WHAT TO PRODUCE:
A word-for-word copy of the whole listing is the required answer.
═══ RECORDS FOR THE TASK
(* Every concatenated stabiliser code family has infinite disjointness, i.e. $\lim_{l\to\infty}\Delta(l)=\infty$, where $\Delta(l)$ is the disjointness of the $l$-th code of the family.
   Context: A concatenated stabiliser code family is built from a sequence of non-trivial $[[n_i,1,d_i]]$ stabiliser quantum error-correcting codes ($i\in\mathbb{N}$) with $n_i$ bounded by a constant independent of $i$: the $l$-th code $\mathcal{C}_l$ is the $[[\prod_{i=1}^l n_i,1,\prod_{i=1}^l d_i]]$ code obtained by concatenating the first $l$ codes of the sequence (each physical qubit at one level is encoded into a block of the next code). Disjointness: for an integer $c\ge1$, a collection of representatives of a logical operator is $c$-disjoint if no physical qubit lies in the support of more than $c$ of them; the unnormalised $c$-disjointness $\Delta'_c$ is the largest integer such that every logical Pauli operator admits at least $\Delta'_c$ representatives forming a $c$-disjoint collection; $\Delta_c=\Delta'_c/c$, and the disjointness is $\Delta=\max_{c\in\mathbb{Z}_+}\Delta_c$. *)

theory Defs
  imports Complex_Main
begin

text \<open>Pauli operators on qubits indexed by naturals, modulo phases, in the binary
  symplectic representation: at each qubit a pair (x-bit, z-bit);
  (False,False) = I, (True,False) = X, (False,True) = Z, (True,True) = Y.\<close>

type_synonym pauli = "nat \<Rightarrow> bool \<times> bool"

definition pid :: pauli where
  "pid = (\<lambda>_. (False, False))"

definition pmul :: "pauli \<Rightarrow> pauli \<Rightarrow> pauli" where
  "pmul p q = (\<lambda>i. (fst (p i) \<noteq> fst (q i), snd (p i) \<noteq> snd (q i)))"

definition pauli_on :: "nat \<Rightarrow> pauli set" where
  "pauli_on n = {p. \<forall>i\<ge>n. p i = (False, False)}"

definition supp :: "pauli \<Rightarrow> nat set" where
  "supp p = {i. p i \<noteq> (False, False)}"

definition anti1 :: "bool \<times> bool \<Rightarrow> bool \<times> bool \<Rightarrow> bool" where
  "anti1 a b = ((fst a \<and> snd b) \<noteq> (snd a \<and> fst b))"

definition commutes :: "pauli \<Rightarrow> pauli \<Rightarrow> bool" where
  "commutes p q = even (card {i. anti1 (p i) (q i)})"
══════
SOLUTION TO THE EXERCISE:
(* Every concatenated stabiliser code family has infinite disjointness, i.e. $\lim_{l\to\infty}\Delta(l)=\infty$, where $\Delta(l)$ is the disjointness of the $l$-th code of the family.
   Context: A concatenated stabiliser code family is built from a sequence of non-trivial $[[n_i,1,d_i]]$ stabiliser quantum error-correcting codes ($i\in\mathbb{N}$) with $n_i$ bounded by a constant independent of $i$: the $l$-th code $\mathcal{C}_l$ is the $[[\prod_{i=1}^l n_i,1,\prod_{i=1}^l d_i]]$ code obtained by concatenating the first $l$ codes of the sequence (each physical qubit at one level is encoded into a block of the next code). Disjointness: for an integer $c\ge1$, a collection of representatives of a logical operator is $c$-disjoint if no physical qubit lies in the support of more than $c$ of them; the unnormalised $c$-disjointness $\Delta'_c$ is the largest integer such that every logical Pauli operator admits at least $\Delta'_c$ representatives forming a $c$-disjoint collection; $\Delta_c=\Delta'_c/c$, and the disjointness is $\Delta=\max_{c\in\mathbb{Z}_+}\Delta_c$. *)

theory Defs
  imports Complex_Main
begin

text \<open>Pauli operators on qubits indexed by naturals, modulo phases, in the binary
  symplectic representation: at each qubit a pair (x-bit, z-bit);
  (False,False) = I, (True,False) = X, (False,True) = Z, (True,True) = Y.\<close>

type_synonym pauli = "nat \<Rightarrow> bool \<times> bool"

definition pid :: pauli where
  "pid = (\<lambda>_. (False, False))"

definition pmul :: "pauli \<Rightarrow> pauli \<Rightarrow> pauli" where
  "pmul p q = (\<lambda>i. (fst (p i) \<noteq> fst (q i), snd (p i) \<noteq> snd (q i)))"

definition pauli_on :: "nat \<Rightarrow> pauli set" where
  "pauli_on n = {p. \<forall>i\<ge>n. p i = (False, False)}"

definition supp :: "pauli \<Rightarrow> nat set" where
  "supp p = {i. p i \<noteq> (False, False)}"

definition anti1 :: "bool \<times> bool \<Rightarrow> bool \<times> bool \<Rightarrow> bool" where
  "anti1 a b = ((fst a \<and> snd b) \<noteq> (snd a \<and> fst b))"

definition commutes :: "pauli \<Rightarrow> pauli \<Rightarrow> bool" where
  "commutes p q = even (card {i. anti1 (p i) (q i)})"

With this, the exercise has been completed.